Isso foi uma amostra grátis do apocalipse. Esse negócio de amnésia e tudo mais, sabe? Digo, claro que não seria –como não foi– nenhum piquenique no parque recuperar todas aquelas lembranças. Sério. Não foi mesmo. E ainda assim, não consigo sequer dizer que foi uma grande surpresar para mim.
Eu sempre soube que havia algo de podre no reino da Dinamarca. Eu só não sabia o que era. E também, não sei se deveria fazer tanta questão de procurar. Porque, cara, eu sabia que não era como procurar chifre em cabeça de cavalo. Realmente havia algo embaixo dos panos.
Não que agora eu vá me fazer de pobre vítima inocente de Roberto, porque fracamente, eu também não fui nenhum santo. Afinal, eu não tinha nada que ter ido chorar as pitangas para cima de Vitor daquele jeito.
Tudo bem, eu confesso que não estava nada satisfeito. E também não imagino alguém que ficaria se estivesse em meu lugar. Porém, eu também não ia quebrar o pau e discutir com ele igual a um rebelde sem causa, do nada. Até porque eu não estava nem com vontade e nem com força pra fazer isso. Eu só tinha força pra duas coisas: Deitar e morrer. Só. E como nenhuma das duas eram uma opção viável, acabei tendo que encarar Roberto cara a cara.

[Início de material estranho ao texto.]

(* Let $v$ be a relaxation enhancing flow on the closed subspace $\mathcal{Y}\subset L^2(\pi)$ (see context). Let $\rho_0$ be an initial probability density with $q_0=\rho_0/\pi$ satisfying $0<c_1\le q_0\le c_2<\infty$ and $q_0-1\in\mathcal{Y}$. Then for any given $B>0$ and $t>0$ there is $A_0$ such that whenever $A>A_0$, \[ H(t)\le H_0\exp(-Bt), \] where $H(t)=\int q(t)\log q(t)\,\pi\,dx$ and $H_0=H(0)$.
   Context: Let $\Omega=\mathbb{T}^d$ or $\mathbb{R}^d$, and let $U\in C^2(\Omega)$; if $\Omega=\mathbb{R}^d$ assume moreover $\lim_{|x|\to\infty}\big(\tfrac12|\nabla U(x)|^2-\Delta U(x)\big)=+\infty$. Let $\pi\propto e^{-U}$ be the corresponding probability density. A flow is a vector field $v$ on $\Omega$ with $\nabla\cdot(v e^{-U})=0$. For $A\ge0$ let $\mathcal{L}_A=\Delta-\nabla U\cdot\nabla-Av\cdot\nabla$ acting on $L^2(\pi)$. Let $\mathcal{X}=\{\phi\in L^2(\pi):\int\phi\,\pi\,dx=0\}$ and let $\mathcal{Y}\subset\mathcal{X}$ be a closed subspace (with the $L^2(\pi)$ norm) that is invariant under the semigroup $e^{t\mathcal{L}_A}$ for every $A\ge0$. The flow $v$ is called relaxation enhancing (on $\mathcal{Y}$) if for every $\tau>0$ and $\delta>0$ there exists $A(\tau,\delta)>0$ such that $\|e^{\tau\mathcal{L}_A}\|_{\mathcal{Y}\to\mathcal{Y}}<\delta$ for all $A\ge A(\tau,\delta)$. Let $\rho(t)$ be the law at time $t$ of $dX_t=Av(X_t)\,dt-\nabla U(X_t)\,dt+\sqrt2\,dW_t$ with $X_0\sim\rho_0$; then $q(t)=\rho(t)/\pi$ solves $\partial_t q=\mathcal{L}_A q$, $q(0)=q_0$, and $H(t)=\mathcal{H}(\rho(t)\mid\pi)=\int q\log q\,\pi\,dx$ is the relative entropy. *)

theory Defs
  imports "HOL-Analysis.Analysis"
begin

text \<open>Space dimension d = DIM('a); points of \<Omega> are elements of 'a :: euclidean_space.
  The flag tor selects \<Omega> = T^d (functions are Z^d-periodic on R^d, integrals over the
  unit cube) or \<Omega> = R^d (integrals over all of R^d).\<close>

definition periodic :: "('a::euclidean_space \<Rightarrow> 'b) \<Rightarrow> bool" where
  "periodic f \<longleftrightarrow> (\<forall>x. \<forall>i\<in>Basis. f (x + i) = f x)"

definition omega :: "bool \<Rightarrow> 'a::euclidean_space set" where
  "omega tor = (if tor then cbox 0 One else UNIV)"

definition pderiv :: "('a::euclidean_space \<Rightarrow> real) \<Rightarrow> 'a \<Rightarrow> 'a \<Rightarrow> real" where
  "pderiv f i x = frechet_derivative f (at x) i"

definition grad :: "('a::euclidean_space \<Rightarrow> real) \<Rightarrow> 'a \<Rightarrow> 'a" where
  "grad f x = (\<Sum>i\<in>Basis. pderiv f i x *\<^sub>R i)"

definition lap :: "('a::euclidean_space \<Rightarrow> real) \<Rightarrow> 'a \<Rightarrow> real" where
  "lap f x = (\<Sum>i\<in>Basis. pderiv (\<lambda>y. pderiv f i y) i x)"

definition divg :: "('a::euclidean_space \<Rightarrow> 'a) \<Rightarrow> 'a \<Rightarrow> real" where
  "divg F x = (\<Sum>i\<in>Basis. pderiv (\<lambda>y. F y \<bullet> i) i x)"

definition C2 :: "('a::euclidean_space \<Rightarrow> real) \<Rightarrow> bool" where
  "C2 f \<longleftrightarrow> (\<forall>x. f differentiable (at x))
     \<and> (\<forall>i\<in>Basis. \<forall>x. (\<lambda>y. pderiv f i y) differentiable (at x))
     \<and> (\<forall>i\<in>Basis. \<forall>j\<in>Basis. continuous_on UNIV (\<lambda>x. pderiv (\<lambda>y. pderiv f i y) j x))"

definition C1_field :: "('a::euclidean_space \<Rightarrow> 'a) \<Rightarrow> bool" where
  "C1_field F \<longleftrightarrow> (\<forall>x. F differentiable (at x))
     \<and> (\<forall>i\<in>Basis. \<forall>j\<in>Basis. continuous_on UNIV (\<lambda>x. pderiv (\<lambda>y. F y \<bullet> i) j x))"

definition Zc :: "bool \<Rightarrow> ('a::euclidean_space \<Rightarrow> real) \<Rightarrow> real" where
  "Zc tor U = (LINT y:omega tor|lborel. exp (- U y))"

definition piU :: "bool \<Rightarrow> ('a::euclidean_space \<Rightarrow> real) \<Rightarrow> 'a \<Rightarrow> real" where
  "piU tor U x = exp (- U x) / Zc tor U"

definition inL2 :: "bool \<Rightarrow> ('a::euclidean_space \<Rightarrow> real) \<Rightarrow> ('a \<Rightarrow> real) \<Rightarrow> bool" where
  "inL2 tor U \<phi> \<longleftrightarrow> \<phi> \<in> borel_measurable lborel \<and> (tor \<longrightarrow> periodic \<phi>)
     \<and> set_integrable lborel (omega tor) (\<lambda>x. (\<phi> x)\<^sup>2 * piU tor U x)"

definition L2norm :: "bool \<Rightarrow> ('a::euclidean_space \<Rightarrow> real) \<Rightarrow> ('a \<Rightarrow> real) \<Rightarrow> real" where
  "L2norm tor U \<phi> = sqrt (LINT x:omega tor|lborel. (\<phi> x)\<^sup>2 * piU tor U x)"

definition Xsp :: "bool \<Rightarrow> ('a::euclidean_space \<Rightarrow> real) \<Rightarrow> ('a \<Rightarrow> real) set" where
  "Xsp tor U = {\<phi>. inL2 tor U \<phi> \<and> (LINT x:omega tor|lborel. \<phi> x * piU tor U x) = 0}"
lemma (in cring) minimal_principal_ideal_in_socle:
  assumes loc: "local_ring R n" and w: "w \<in> carrier R" "w \<noteq> \<zero>"
    and minimal: "\<And>z. z \<in> carrier R \<Longrightarrow> z \<otimes> w \<noteq> \<zero> \<Longrightarrow> w \<in> PIdl (z \<otimes> w)"
  shows "w \<in> socle R n"
  unfolding socle_def
proof safe
  show "w \<in> carrier R" by fact
  fix y assume y: "y \<in> n"
  have n: "ideal n R" "\<one> \<notin> n" using local_ringD[OF loc] .
  have y_carrier: "y \<in> carrier R" using ideal.Icarr[OF n(1) y] .
  show "w \<otimes> y = \<zero>"
  proof (rule ccontr)
    assume "w \<otimes> y \<noteq> \<zero>"
    then have "w \<in> PIdl (y \<otimes> w)" using minimal[OF y_carrier] y_carrier w m_comm by metis
    then obtain z where z: "z \<in> carrier R" "w = z \<otimes> (y \<otimes> w)" unfolding cgenideal_def by auto
    have zy: "z \<otimes> y \<in> n" using ideal.I_l_closed[OF n(1) y z(1)] .
    have "\<one> \<ominus> z \<otimes> y \<notin> n"
    proof
      assume "\<one> \<ominus> z \<otimes> y \<in> n"
      then have "(\<one> \<ominus> z \<otimes> y) \<oplus> z \<otimes> y \<in> n"
        using zy additive_subgroup.a_closed[OF ideal.axioms(1)[OF n(1)]] by blast
      moreover have "(\<one> \<ominus> z \<otimes> y) \<oplus> z \<otimes> y = \<one>" using z y_carrier by algebra
      ultimately show False using n(2) by simp
    qed
    then have unit: "\<one> \<ominus> z \<otimes> y \<in> Units R" using local_ring_Units[OF loc] z y_carrier by simp
    \<comment> \<open>\<open>w = z y w\<close>, so the unit \<open>1 - z y\<close> kills \<open>w\<close>\<close>
    have "(\<one> \<ominus> z \<otimes> y) \<otimes> w = w \<ominus> z \<otimes> (y \<otimes> w)" using z y_carrier w by algebra
    then have "(\<one> \<ominus> z \<otimes> y) \<otimes> w = \<zero>" using z(2)[symmetric] w by simp
    then have "w = \<zero>" using unit w by (metis Units_inv_closed Units_l_inv Units_closed l_one m_assoc r_null)
    then show False using w by simp
  qed
qed

lemma (in cring) socle_generator_in_cgenideal:
  assumes art: "artinian_ring R" and loc: "local_ring R n"
    and s: "s \<in> socle R n" and socle: "socle R n = {b \<otimes> s | b. b \<in> carrier R}"
    and a: "a \<in> carrier R" "a \<noteq> \<zero>"
  shows "s \<in> PIdl a"
proof -
  obtain w where w: "w \<in> PIdl a" "w \<noteq> \<zero>"
    and minimal: "\<And>z. z \<in> carrier R \<Longrightarrow> z \<otimes> w \<noteq> \<zero> \<Longrightarrow> w \<in> PIdl (z \<otimes> w)"
    using artinian_ex_minimal_principal_ideal[OF art a] by blast
  have w_carrier: "w \<in> carrier R" using w(1) ideal.Icarr[OF cgenideal_ideal[OF a(1)]] by blast
  have s_carrier: "s \<in> carrier R" using s unfolding socle_def by auto
  have "w \<in> socle R n" using minimal_principal_ideal_in_socle[OF loc w_carrier w(2) minimal] .
  then obtain c where c: "c \<in> carrier R" "w = c \<otimes> s" using socle by auto
  have "c \<notin> n"
  proof
    assume "c \<in> n"
    then have "s \<otimes> c = \<zero>" using s unfolding socle_def by auto
    then show False using c w(2) m_comm s_carrier by simp
  qed
  then have c_unit: "c \<in> Units R" using local_ring_Units[OF loc c(1)] by simp
  have "s = inv c \<otimes> w" using c c_unit s_carrier by (simp add: m_assoc[symmetric])
  then show ?thesis
    using ideal.I_l_closed[OF cgenideal_ideal[OF a(1)] w(1)] c_unit by simp
qed

section \<open>Linear systems over a local ring\<close>

definition (in ring) vec_mat :: "'i set \<Rightarrow> ('i \<Rightarrow> 'j \<Rightarrow> 'a) \<Rightarrow> ('i \<Rightarrow> 'a) \<Rightarrow> 'j \<Rightarrow> 'a"
  where "vec_mat I G x j = (\<Oplus>i\<in>I. x i \<otimes> G i j)"

definition (in ring) nondegenerate_mod :: "'a set \<Rightarrow> 'i set \<Rightarrow> 'j set \<Rightarrow> ('i \<Rightarrow> 'j \<Rightarrow> 'a) \<Rightarrow> bool"
  where "nondegenerate_mod m I J G \<longleftrightarrow>
    (\<forall>x \<in> I \<rightarrow> carrier R. (\<forall>j\<in>J. vec_mat I G x j \<in> m) \<longrightarrow> (\<forall>i\<in>I. x i \<in> m))"

lemma (in ring) vec_mat_closed:
  assumes "x \<in> I \<rightarrow> carrier R" and "\<And>i. i \<in> I \<Longrightarrow> G i j \<in> carrier R"
  shows "vec_mat I G x j \<in> carrier R"
  unfolding vec_mat_def using assms by (intro finsum_closed) auto

lemma (in ring) vec_mat_cong:
  assumes "\<And>i. i \<in> I \<Longrightarrow> x i = y i" and "y \<in> I \<rightarrow> carrier R"
    and "\<And>i. i \<in> I \<Longrightarrow> G i j \<in> carrier R"
  shows "vec_mat I G x j = vec_mat I G y j"
  unfolding vec_mat_def using assms by (intro finsum_cong') auto

lemma (in ring) nondegenerate_mod_pivot:
  assumes m: "ideal m R" "\<one> \<notin> m" and nd: "nondegenerate_mod m I J G"
    and G: "\<And>i j. i \<in> I \<Longrightarrow> j \<in> J \<Longrightarrow> G i j \<in> carrier R"
    and I: "finite I" "i0 \<in> I"
  shows "\<exists>j0\<in>J. G i0 j0 \<notin> m"
proof (rule ccontr)
  assume no_pivot: "\<not> ?thesis"
  define e where "e i = (if i = i0 then \<one> else \<zero>)" for i
  have e: "e \<in> I \<rightarrow> carrier R" unfolding e_def by auto
  have "vec_mat I G e j = G i0 j" if "j \<in> J" for j
  proof -
    have "vec_mat I G e j = (\<Oplus>i\<in>I. if i = i0 then G i j else \<zero>)"
      unfolding vec_mat_def e_def using G that by (intro finsum_cong') auto
    then show ?thesis using add.finprod_singleton_swap[of i0 I "\<lambda>i. G i j"] I G that by auto
  qed
  then have "\<forall>j\<in>J. vec_mat I G e j \<in> m" using no_pivot by simp
  then have "\<forall>i\<in>I. e i \<in> m" using nd e unfolding nondegenerate_mod_def by blast
  then show False using I(2) m(2) unfolding e_def by auto
qed

locale pivot = cring R for R (structure) +
  fixes I :: "'i set" and J :: "'j set" and G :: "'i \<Rightarrow> 'j \<Rightarrow> 'a" and i0 :: 'i and j0 :: 'j
  assumes finite_rows: "finite I"
    and entries_closed: "\<And>i j. i \<in> I \<Longrightarrow> j \<in> J \<Longrightarrow> G i j \<in> carrier R"
    and pivot_row: "i0 \<in> I" and pivot_col: "j0 \<in> J" and pivot_unit: "G i0 j0 \<in> Units R"
begin

definition schur :: "'i \<Rightarrow> 'j \<Rightarrow> 'a"
  where "schur i j = G i j \<ominus> G i j0 \<otimes> inv (G i0 j0) \<otimes> G i0 j"

text \<open>The unique extension of a vector on \<open>I - {i0}\<close> whose combination of the pivot column vanishes.\<close>
definition lift :: "('i \<Rightarrow> 'a) \<Rightarrow> 'i \<Rightarrow> 'a"
  where "lift x = x(i0 := \<ominus> (vec_mat (I - {i0}) G x j0 \<otimes> inv (G i0 j0)))"

lemma pivot_inv: "inv (G i0 j0) \<in> carrier R" "inv (G i0 j0) \<otimes> G i0 j0 = \<one>" "G i0 j0 \<otimes> inv (G i0 j0) = \<one>"
  using pivot_unit by auto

Às vezes acho que minha vida é uma grande videocassetada, só que sem a parte engraçada. Porque se for parar pra pensar, a minha vida não tem nada de engraçado! Digo, eu não estava rindo quando entrei em casa e dei de cara com Roberto, ainda completamente leigo no assunto, me abordado com um enorme sorriso.
— Chegou na hora certa. Eu estou terminando de fazer o jantar... – Ele começou a dizer, mas sua voz foi morrendo sílaba por sílaba.
E após me dar uma boa olhada dos pés a cabeça, Roberto estava completamente sem fala. E acredite, ele não estava mudo daquele jeito porque reparava no quanto eu era lindo e sensual sob a luz do luar. Pelo contrário. Ele provavelmente estava em choque pelo meu aspecto de sobrevivente de filme de terror.
— Meu Deus, Alex! O que foi que aconteceu? – Ele arquejou.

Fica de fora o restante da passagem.